### WHAT THE TASK REQUIRES:
Quote the line containing "then interpret F: profile_family N b w" and all lines that follow it in the listing below, exactly as written.

### RECORDS SUPPLIED:
---------------

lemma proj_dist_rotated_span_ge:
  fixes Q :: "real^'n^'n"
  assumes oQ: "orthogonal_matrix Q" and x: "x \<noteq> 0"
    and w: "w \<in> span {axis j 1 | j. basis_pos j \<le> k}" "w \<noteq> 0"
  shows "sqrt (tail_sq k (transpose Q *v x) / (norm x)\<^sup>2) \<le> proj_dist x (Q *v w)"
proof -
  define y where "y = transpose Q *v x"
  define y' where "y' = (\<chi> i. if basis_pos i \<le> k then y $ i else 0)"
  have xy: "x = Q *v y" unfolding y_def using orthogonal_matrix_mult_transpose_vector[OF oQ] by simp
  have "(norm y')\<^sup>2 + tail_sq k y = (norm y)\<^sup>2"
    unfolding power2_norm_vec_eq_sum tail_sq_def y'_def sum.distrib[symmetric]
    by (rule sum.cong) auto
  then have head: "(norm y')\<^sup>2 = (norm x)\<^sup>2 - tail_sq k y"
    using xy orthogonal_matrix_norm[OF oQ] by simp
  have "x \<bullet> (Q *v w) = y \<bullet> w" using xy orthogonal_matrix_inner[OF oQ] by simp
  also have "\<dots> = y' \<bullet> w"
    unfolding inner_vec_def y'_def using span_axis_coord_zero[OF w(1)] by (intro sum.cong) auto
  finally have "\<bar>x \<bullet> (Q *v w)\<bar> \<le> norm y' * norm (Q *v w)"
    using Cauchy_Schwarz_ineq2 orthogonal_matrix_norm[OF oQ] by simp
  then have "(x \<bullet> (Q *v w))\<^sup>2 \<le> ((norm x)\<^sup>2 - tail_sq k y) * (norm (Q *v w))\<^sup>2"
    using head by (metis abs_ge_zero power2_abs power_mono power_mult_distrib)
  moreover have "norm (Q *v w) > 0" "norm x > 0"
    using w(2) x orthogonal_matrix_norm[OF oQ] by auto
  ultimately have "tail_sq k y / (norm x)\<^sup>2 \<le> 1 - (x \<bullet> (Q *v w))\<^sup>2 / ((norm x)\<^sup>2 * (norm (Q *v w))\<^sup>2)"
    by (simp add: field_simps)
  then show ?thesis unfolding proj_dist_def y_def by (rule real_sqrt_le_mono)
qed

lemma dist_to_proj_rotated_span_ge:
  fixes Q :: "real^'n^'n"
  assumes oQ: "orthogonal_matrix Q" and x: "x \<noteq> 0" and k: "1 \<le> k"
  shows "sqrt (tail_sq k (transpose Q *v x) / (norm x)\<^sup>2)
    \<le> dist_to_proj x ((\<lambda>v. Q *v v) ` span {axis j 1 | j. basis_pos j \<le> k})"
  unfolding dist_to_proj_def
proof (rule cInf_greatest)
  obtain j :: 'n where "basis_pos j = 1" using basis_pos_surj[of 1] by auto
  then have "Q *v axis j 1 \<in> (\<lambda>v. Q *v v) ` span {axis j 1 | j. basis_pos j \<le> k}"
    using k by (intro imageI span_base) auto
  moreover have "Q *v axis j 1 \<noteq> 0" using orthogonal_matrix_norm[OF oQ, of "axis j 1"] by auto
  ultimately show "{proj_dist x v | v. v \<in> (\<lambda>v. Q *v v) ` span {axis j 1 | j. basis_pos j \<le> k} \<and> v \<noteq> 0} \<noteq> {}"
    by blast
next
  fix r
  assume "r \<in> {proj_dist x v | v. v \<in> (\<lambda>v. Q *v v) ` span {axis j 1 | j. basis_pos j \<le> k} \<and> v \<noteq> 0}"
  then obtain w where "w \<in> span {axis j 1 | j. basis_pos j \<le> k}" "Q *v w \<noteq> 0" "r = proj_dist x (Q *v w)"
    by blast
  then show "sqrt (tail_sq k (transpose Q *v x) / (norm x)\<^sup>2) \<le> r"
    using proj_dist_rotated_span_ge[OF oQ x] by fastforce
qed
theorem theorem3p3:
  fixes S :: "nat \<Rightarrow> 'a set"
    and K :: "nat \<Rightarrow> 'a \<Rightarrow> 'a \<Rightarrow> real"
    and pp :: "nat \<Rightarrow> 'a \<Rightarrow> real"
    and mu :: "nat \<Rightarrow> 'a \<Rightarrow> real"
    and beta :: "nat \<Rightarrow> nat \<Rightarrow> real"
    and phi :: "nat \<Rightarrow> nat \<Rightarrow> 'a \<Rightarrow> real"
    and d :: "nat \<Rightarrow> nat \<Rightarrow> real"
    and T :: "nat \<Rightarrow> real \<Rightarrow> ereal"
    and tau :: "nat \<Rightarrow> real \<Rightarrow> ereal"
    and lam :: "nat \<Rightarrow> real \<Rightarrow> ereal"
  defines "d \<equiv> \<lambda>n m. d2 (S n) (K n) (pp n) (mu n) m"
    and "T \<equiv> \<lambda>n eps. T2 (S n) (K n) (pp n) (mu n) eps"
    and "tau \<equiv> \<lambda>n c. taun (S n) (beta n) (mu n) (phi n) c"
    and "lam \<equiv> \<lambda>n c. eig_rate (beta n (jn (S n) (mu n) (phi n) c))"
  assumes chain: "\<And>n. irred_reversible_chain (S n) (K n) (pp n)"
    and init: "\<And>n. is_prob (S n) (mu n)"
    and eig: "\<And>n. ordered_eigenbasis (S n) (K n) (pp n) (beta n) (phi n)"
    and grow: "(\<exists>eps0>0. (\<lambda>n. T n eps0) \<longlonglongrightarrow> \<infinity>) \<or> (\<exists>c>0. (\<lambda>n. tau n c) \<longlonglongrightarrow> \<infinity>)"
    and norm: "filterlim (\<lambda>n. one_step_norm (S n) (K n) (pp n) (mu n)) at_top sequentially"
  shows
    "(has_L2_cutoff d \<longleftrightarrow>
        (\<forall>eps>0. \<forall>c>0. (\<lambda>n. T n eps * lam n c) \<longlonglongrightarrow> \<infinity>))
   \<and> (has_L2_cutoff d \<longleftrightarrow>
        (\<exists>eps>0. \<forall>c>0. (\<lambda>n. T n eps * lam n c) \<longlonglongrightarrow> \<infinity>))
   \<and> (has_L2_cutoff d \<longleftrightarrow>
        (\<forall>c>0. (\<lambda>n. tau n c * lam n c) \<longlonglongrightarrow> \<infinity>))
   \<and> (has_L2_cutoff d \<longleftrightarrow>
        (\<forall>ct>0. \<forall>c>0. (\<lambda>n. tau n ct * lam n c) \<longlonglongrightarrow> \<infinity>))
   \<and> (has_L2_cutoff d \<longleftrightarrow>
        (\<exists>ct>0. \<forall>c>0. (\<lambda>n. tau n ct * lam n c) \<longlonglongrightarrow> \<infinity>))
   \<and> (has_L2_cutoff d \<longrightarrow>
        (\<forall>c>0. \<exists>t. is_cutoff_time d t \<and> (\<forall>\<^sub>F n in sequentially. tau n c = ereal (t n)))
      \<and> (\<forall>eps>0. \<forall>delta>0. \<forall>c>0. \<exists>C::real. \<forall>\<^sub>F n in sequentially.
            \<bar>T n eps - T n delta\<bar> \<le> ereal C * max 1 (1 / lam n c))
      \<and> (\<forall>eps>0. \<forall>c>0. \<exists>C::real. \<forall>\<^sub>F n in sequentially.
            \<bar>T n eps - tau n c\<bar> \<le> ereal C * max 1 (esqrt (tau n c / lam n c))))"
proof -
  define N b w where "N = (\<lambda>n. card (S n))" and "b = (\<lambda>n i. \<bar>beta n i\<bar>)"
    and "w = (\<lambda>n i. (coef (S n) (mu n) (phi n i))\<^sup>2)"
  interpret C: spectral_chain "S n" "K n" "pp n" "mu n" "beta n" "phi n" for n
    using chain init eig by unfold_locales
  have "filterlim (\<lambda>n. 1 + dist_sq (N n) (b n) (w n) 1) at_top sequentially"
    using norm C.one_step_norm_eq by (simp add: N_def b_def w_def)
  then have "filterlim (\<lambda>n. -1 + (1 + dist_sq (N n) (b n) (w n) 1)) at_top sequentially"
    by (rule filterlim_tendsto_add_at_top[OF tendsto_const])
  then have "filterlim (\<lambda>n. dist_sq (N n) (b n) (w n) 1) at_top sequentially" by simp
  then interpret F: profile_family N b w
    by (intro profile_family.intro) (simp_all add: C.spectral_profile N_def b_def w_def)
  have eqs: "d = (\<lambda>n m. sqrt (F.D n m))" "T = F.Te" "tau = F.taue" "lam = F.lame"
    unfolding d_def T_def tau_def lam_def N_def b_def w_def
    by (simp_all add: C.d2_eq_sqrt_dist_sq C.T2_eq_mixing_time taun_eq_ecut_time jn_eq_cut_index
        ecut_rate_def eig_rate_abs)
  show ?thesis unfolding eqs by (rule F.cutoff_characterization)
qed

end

---------------

### SOLUTION BELOW:
  then interpret F: profile_family N b w
    by (intro profile_family.intro) (simp_all add: C.spectral_profile N_def b_def w_def)
  have eqs: "d = (\<lambda>n m. sqrt (F.D n m))" "T = F.Te" "tau = F.taue" "lam = F.lame"
    unfolding d_def T_def tau_def lam_def N_def b_def w_def
    by (simp_all add: C.d2_eq_sqrt_dist_sq C.T2_eq_mixing_time taun_eq_ecut_time jn_eq_cut_index
        ecut_rate_def eig_rate_abs)
  show ?thesis unfolding eqs by (rule F.cutoff_characterization)
qed

end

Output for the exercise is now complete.